DURING the Clarets pre-season trip to the Isle of Man last July, Stan Ternent told me he had three targets for the coming season.
First and foremost he wanted the club to maintain its First Division status in the wake of the financial crisis created by the collapse of ITV Digital.
With that in mind his other two aims were to break with the club's recent failures and enjoy long and financially beneficial runs in both the FA and the Worthington Cups.
The Burnley boss achieved all three of his stated goals. The club comfortably stayed up and reached the last 16 of the Worthington Cup and the last eight of the FA Cup, the best runs for two decades.

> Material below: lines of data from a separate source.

lemma eqv_strip: "eqvS V s t \<Longrightarrow> eqv Sig ar E V (strip s) (strip t)"
proof (induction rule: eqv.induct)
  case (refl t)
  then show ?case by (intro eqv.refl strip_in_terms)
next
  case (cong g ts us)
  show ?case
  proof (cases g)
    case None
    with cong show ?thesis by (auto simp: arS_def length_Suc_conv list_all2_Cons1)
  next
    case (Some f)
    with cong show ?thesis by (auto simp: sigS_def arS_def list_all2_conv_all_nth intro!: eqv.cong)
  qed
next
  case (ax l r \<sigma>)
  have \<sigma>: "\<forall>i. strip (\<sigma> i) \<in> terms Sig ar V"
    using ax.hyps(2) strip_in_terms by blast
  from ax.hyps(1) consider
      (idem) "l = aop (aop (Var 0))" "r = aop (Var 0)"
    | (absorb) f where "f \<in> Sig" "l = aop (Op (Some f) (map Var [0..<ar f]))"
        "r = Op (Some f) (map Var [0..<ar f])"
    | (args) f where "f \<in> Sig" "l = Op (Some f) (map (\<lambda>i. aop (Var i)) [0..<ar f])"
        "r = Op (Some f) (map Var [0..<ar f])"
    | (from_E) l0 r0 where "(l0, r0) \<in> E" "l = guard_vars l0" "r = guard_vars r0"
    unfolding eqS_def guard_vars_eq_subst[symmetric] by blast
  then show ?case
  proof cases
    case from_E
    then show ?thesis using eqv.ax[OF _ \<sigma>] by (simp add: strip_subst_guard_vars)
  qed (auto simp: aop_def comp_def intro!: eqv.refl terms.op \<sigma>[rule_format])
qed (auto intro: eqv.sym eqv.trans)

lemma eqvS_aop_aop: "t \<in> termsS V \<Longrightarrow> eqvS V (aop (aop t)) (aop t)"
proof -
  assume "t \<in> termsS V"
  moreover have "(aop (aop (Var 0)), aop (Var 0)) \<in> eqS Sig ar E"
    unfolding eqS_def by blast
  ultimately show ?thesis
    using eqv.ax[where \<sigma> = "\<lambda>_. t"] by (fastforce simp: aop_def)
qed

lemma args_eq_map_subst:
  assumes "f \<in> Sig" "length ts = ar f" "\<forall>t \<in> set ts. t \<in> termsS V"
  obtains \<sigma> where "\<forall>i. \<sigma> i \<in> termsS V" "map \<sigma> [0..<ar f] = ts"
proof
  \<comment> \<open>the default value Op (Some f) ts keeps the substitution well-formed even when V is empty\<close>
  show "\<forall>i. (if i < length ts then ts ! i else Op (Some f) ts) \<in> termsS V"
    using assms by (auto intro: Op_Some_in_termsS)
  show "map (\<lambda>i. if i < length ts then ts ! i else Op (Some f) ts) [0..<ar f] = ts"
    using assms(2) by (auto intro: nth_equalityI)
qed

lemma eqvS_aop_Op:
  assumes "f \<in> Sig" "length ts = ar f" "\<forall>t \<in> set ts. t \<in> termsS V"
  shows "eqvS V (aop (Op (Some f) ts)) (Op (Some f) ts)"
proof -
  obtain \<sigma> where \<sigma>: "\<forall>i. \<sigma> i \<in> termsS V" and ts: "map \<sigma> [0..<ar f] = ts"
    using args_eq_map_subst[OF assms] .
  have "(aop (Op (Some f) (map Var [0..<ar f])), Op (Some f) (map Var [0..<ar f])) \<in> eqS Sig ar E"
    unfolding eqS_def using assms(1) by blast
  from eqv.ax[OF this \<sigma>] show ?thesis
    by (simp add: aop_def comp_def ts)
qed

lemma eqvS_Op_map_aop:
  assumes "f \<in> Sig" "length ts = ar f" "\<forall>t \<in> set ts. t \<in> termsS V"
  shows "eqvS V (Op (Some f) (map aop ts)) (Op (Some f) ts)"
proof -
  obtain \<sigma> where \<sigma>: "\<forall>i. \<sigma> i \<in> termsS V" and ts: "map \<sigma> [0..<ar f] = ts"
    using args_eq_map_subst[OF assms] .
  have "(Op (Some f) (map (\<lambda>i. aop (Var i)) [0..<ar f]), Op (Some f) (map Var [0..<ar f]))
      \<in> eqS Sig ar E"
    unfolding eqS_def using assms(1) by blast
  from eqv.ax[OF this \<sigma>] have "eqvS V (Op (Some f) (map (\<lambda>i. aop (\<sigma> i)) [0..<ar f])) (Op (Some f) ts)"
    by (simp add: aop_def comp_def ts)
  then show ?thesis
    by (simp add: ts[symmetric] comp_def)
qed

lemma eqvS_aop_guard_vars: "u \<in> terms Sig ar V \<Longrightarrow> eqvS V (aop (guard_vars u)) (guard_vars u)"
  by (erule terms.cases) (auto intro!: eqvS_aop_aop eqvS_aop_Op terms.var guard_vars_in_termsS)

lemma eqvS_guard_vars:
  assumes "is_theory Sig ar E" "eqv Sig ar E V u u'"
  shows "eqvS V (guard_vars u) (guard_vars u')"
  using assms(2)
proof (induction rule: eqv.induct)
  case (refl t)
  then show ?case by (intro eqv.refl guard_vars_in_termsS)
next
  case (cong f ts us)
  then show ?case
    by (auto simp: sigS_def arS_def list_all2_conv_all_nth intro!: eqv.cong)
next
  case (ax l r \<sigma>)
  let ?\<tau> = "\<lambda>i. guard_vars (\<sigma> i)"
  have \<tau>: "\<forall>i. ?\<tau> i \<in> termsS V"
    using ax.hyps(2) by (simp add: guard_vars_in_termsS)
  \<comment> \<open>the two sides differ only by doubled a's above the substituted terms\<close>
  have lift_eqv: "eqvS V (guard_vars (subst \<sigma> u)) (subst ?\<tau> (guard_vars u))"
    if "u \<in> terms Sig ar UNIV" for u
  proof -
    have "eqvS V (subst ?\<tau> (map_trm Some id u)) (subst (\<lambda>i. aop (?\<tau> i)) (map_trm Some id u))"
      using ax.hyps(2) eqvS_aop_guard_vars
      by (intro eqv_subst_cong[OF lift_in_termsS[OF that]]) (blast intro: eqv.sym)
    then show ?thesis
      by (simp add: guard_vars_subst guard_vars_eq_subst[of u] subst_subst aop_def)
  qed
  have "(guard_vars l, guard_vars r) \<in> eqS Sig ar E"
    using ax.hyps(1) unfolding eqS_def guard_vars_eq_subst by blast
  then have "eqvS V (subst ?\<tau> (guard_vars l)) (subst ?\<tau> (guard_vars r))"
    using \<tau> by (rule eqv.ax)
  moreover have "l \<in> terms Sig ar UNIV" "r \<in> terms Sig ar UNIV"
    using ax.hyps(1) assms(1) unfolding is_theory_def by auto
  ultimately show ?case
    using lift_eqv eqv.sym eqv.trans by metis
qed (auto intro: eqv.sym eqv.trans)

lemma eqvS_aop_guard_vars_strip: "t \<in> termsS V \<Longrightarrow> eqvS V (aop t) (guard_vars (strip t))"
proof (induction t rule: terms.induct)
  case (var x)
  then show ?case by (auto intro: eqv.refl aop_in_termsS terms.var)
next
  case (op g ts)
  show ?case
  proof (cases g)
    case None
    then obtain u where u: "ts = [u]" "u \<in> termsS V" "eqvS V (aop u) (guard_vars (strip u))"
      using op by (auto simp: arS_def length_Suc_conv)
    have "eqvS V (aop (aop u)) (aop u)"
      using u(2) by (rule eqvS_aop_aop)
    also have "eqvS V (aop u) (guard_vars (strip u))"
      using u(3) .
    finally show ?thesis
      using None u(1) by (simp add: aop_def)
  next
    case (Some f)
    then have f: "f \<in> Sig" "length ts = ar f"
      using op by (auto simp: sigS_def arS_def)
    have ts: "\<forall>t \<in> set ts. t \<in> termsS V"
      using op by blast
    have "eqvS V (aop (Op (Some f) ts)) (Op (Some f) ts)"
      using f ts by (rule eqvS_aop_Op)
    also have "eqvS V (Op (Some f) ts) (Op (Some f) (map aop ts))"
      using eqvS_Op_map_aop[OF f ts] by (rule eqv.sym)
    also have "eqvS V (Op (Some f) (map aop ts)) (Op (Some f) (map (\<lambda>t. guard_vars (strip t)) ts))"
    proof (rule eqv.cong)
      show "Some f \<in> sigS Sig" "length (map aop ts) = arS ar (Some f)"
        using f by (simp_all add: sigS_def arS_def)
      show "list_all2 (eqvS V) (map aop ts) (map (\<lambda>t. guard_vars (strip t)) ts)"
        using op.IH by (simp add: list_all2_conv_all_nth)
    qed
    finally show ?thesis
      using Some by (simp add: comp_def)
  qed
qed

lemma eqvS_aop:
  assumes "t \<in> termsS V" "t \<notin> range Var"
  shows "eqvS V t (aop t)"
  using assms(1)
proof (cases rule: termsS_cases)
  case (aop u)
  then show ?thesis using eqvS_aop_aop eqv.sym by blast
next
  case (Op f ts)
  then show ?thesis using eqvS_aop_Op eqv.sym by blast
qed (use assms(2) in auto)

lemma eqvS_guard_vars_strip:
  "t \<in> termsS V \<Longrightarrow> t \<notin> range Var \<Longrightarrow> eqvS V t (guard_vars (strip t))"
  using eqvS_aop eqvS_aop_guard_vars_strip eqv.trans by blast

lemma eqvS_iff_eqv_strip:
  assumes "is_theory Sig ar E" "s \<in> termsS V" "t \<in> termsS V" "s \<notin> range Var" "t \<notin> range Var"
  shows "eqvS V s t \<longleftrightarrow> eqv Sig ar E V (strip s) (strip t)"
proof
  assume "eqv Sig ar E V (strip s) (strip t)"
  then have "eqvS V (guard_vars (strip s)) (guard_vars (strip t))"
    using assms(1) eqvS_guard_vars by blast
  then show "eqvS V s t"
    using eqvS_guard_vars_strip assms(2-5) eqv.sym eqv.trans by metis
qed (rule eqv_strip)

section \<open>The comparison map\<close>

lemma phi_cls:
  assumes "t \<in> termsS V"
  shows "phi Sig ar E V (clsS V t)
    = (case t of Var x \<Rightarrow> Inl x | Op _ _ \<Rightarrow> Inr (cls Sig ar E V (strip t)))"
proof -
  have rep: "eqvS V t (rep (clsS V t))"
    using assms by (rule eqv_rep_cls)
  then have same_Var: "t = Var x \<longleftrightarrow> rep (clsS V t) = Var x" for x
    using eqS_sides_not_Var by (rule eqv_Var_iff)
  show ?thesis
  proof (cases t)
    case (Var x)
    then show ?thesis
      using same_Var[of x] by (simp add: phi_def)
  next
    case (Op g ts)
    then obtain g' ts' where "rep (clsS V t) = Op g' ts'"
      using same_Var by (cases "rep (clsS V t)") auto
    moreover have "cls Sig ar E V (strip (rep (clsS V t))) = cls Sig ar E V (strip t)"
      using cls_eqI[OF eqv.sym[OF eqv_strip[OF rep]]] .
    ultimately show ?thesis
      using Op by (simp add: phi_def)
  qed
qed

lemma phi_cls_Var: "x \<in> V \<Longrightarrow> phi Sig ar E V (clsS V (Var x)) = Inl x"
  by (simp add: phi_cls terms.var)

lemma phi_cls_not_Var:
  "t \<in> termsS V \<Longrightarrow> t \<notin> range Var \<Longrightarrow> phi Sig ar E V (clsS V t) = Inr (cls Sig ar E V (strip t))"
  by (cases t) (auto simp: phi_cls)

lemma phi_in_SFc:
  assumes "C \<in> TcS V"
  shows "phi Sig ar E V C \<in> SFc Sig ar E V"
proof -
  obtain t where t: "t \<in> termsS V" "C = clsS V t"
    using assms unfolding Tc_def by auto
  show ?thesis
  proof (cases t)
    case (Var x)
    then show ?thesis
      using t Var_in_termsD[of x "sigS Sig" "arS ar" V] by (simp add: phi_cls SFc_def)
  next
    case (Op g ts)
    moreover have "cls Sig ar E V (strip t) \<in> Tc Sig ar E V"
      unfolding Tc_def using t(1) by (intro imageI strip_in_terms)
    ultimately show ?thesis
      using t by (simp add: phi_cls SFc_def)
  qed
qed

lemma isl_phi_cls: "t \<in> termsS V \<Longrightarrow> isl (phi Sig ar E V (clsS V t)) \<longleftrightarrow> t \<in> range Var"
  by (cases t) (auto simp: phi_cls)

lemma inj_on_phi:
  assumes "is_theory Sig ar E"
  shows "inj_on (phi Sig ar E V) (TcS V)"
proof (rule inj_onI)
  fix C1 C2
  assume "C1 \<in> TcS V" "C2 \<in> TcS V" and phi: "phi Sig ar E V C1 = phi Sig ar E V C2"
  then obtain t1 t2 where t: "t1 \<in> termsS V" "C1 = clsS V t1" "t2 \<in> termsS V" "C2 = clsS V t2"
    unfolding Tc_def by auto
  have same_kind: "t1 \<in> range Var \<longleftrightarrow> t2 \<in> range Var"
    using isl_phi_cls[OF t(1)] isl_phi_cls[OF t(3)] phi t(2,4) by simp
  show "C1 = C2"
  proof (cases "t1 \<in> range Var")
    case True
    then obtain x y where "t1 = Var x" "t2 = Var y"
      using same_kind by auto
    then show ?thesis
      using phi t by (simp add: phi_cls)
  next
    case False
    then have "eqv Sig ar E V (strip t1) (strip t2)"
      using phi t same_kind by (simp add: phi_cls_not_Var cls_eq_iff strip_in_terms)
    then have "eqvS V t1 t2"
      using eqvS_iff_eqv_strip[OF assms t(1,3)] False same_kind by blast
    then show ?thesis
      using t by (simp add: cls_eqI)
  qed
qed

But his ruthless axing of so many key players at the end of the season, and his determination to rebuild a new team for the next campaign, shows that he is under no illusions about the fact that the team performed too badly, too often.
When they suffered a nightmare 6-5 Hallowe'en defeat at Grimsby I remember thinking I had never seen a game like it and I never expected I would see another one. How wrong I was.
There was a series of results to bring any manager out in a cold sweat, let alone someone like Ternent who has built his reputation on building sides with solid defences, a master at claiming a 1-0 win.
It is hard to know if any one game convinced Ternent that major surgery was needed to make his side a top 10 contender again. It may have been the accumulated affect of having to walk into post match press conferences and explain the unexplainable.
What was not in doubt after that last home game against the Owls was that when the Clarets next emerged from the tunnel at Turf Moor it would be a very different side that the fans would be cheering.
Ternent has no room for sentiment in the brave new world of football, a world with more players than money to pay them.
Now new leaders must come forward. Gareth Taylor has established himself as the best target man in the first division, Graham Branch deserves his new deal because of a consistently good season, Drissa Diallo looks like an exceptional find while Ian Moore is one of the most willing runners around.
Then in the closing weeks of the season came the encouraging debuts for youngsters Matty O'Neill and Richard Chaplow.
Then you have got Glen Little and Robbie Blake. Burnley's best football of the season came when these two were firing in tandem, most notably on that memorable night against Spurs.
Ternent has a massive task ahead of him this summer, and putting a team together to compete at the top end of the table next season could be his toughest yet.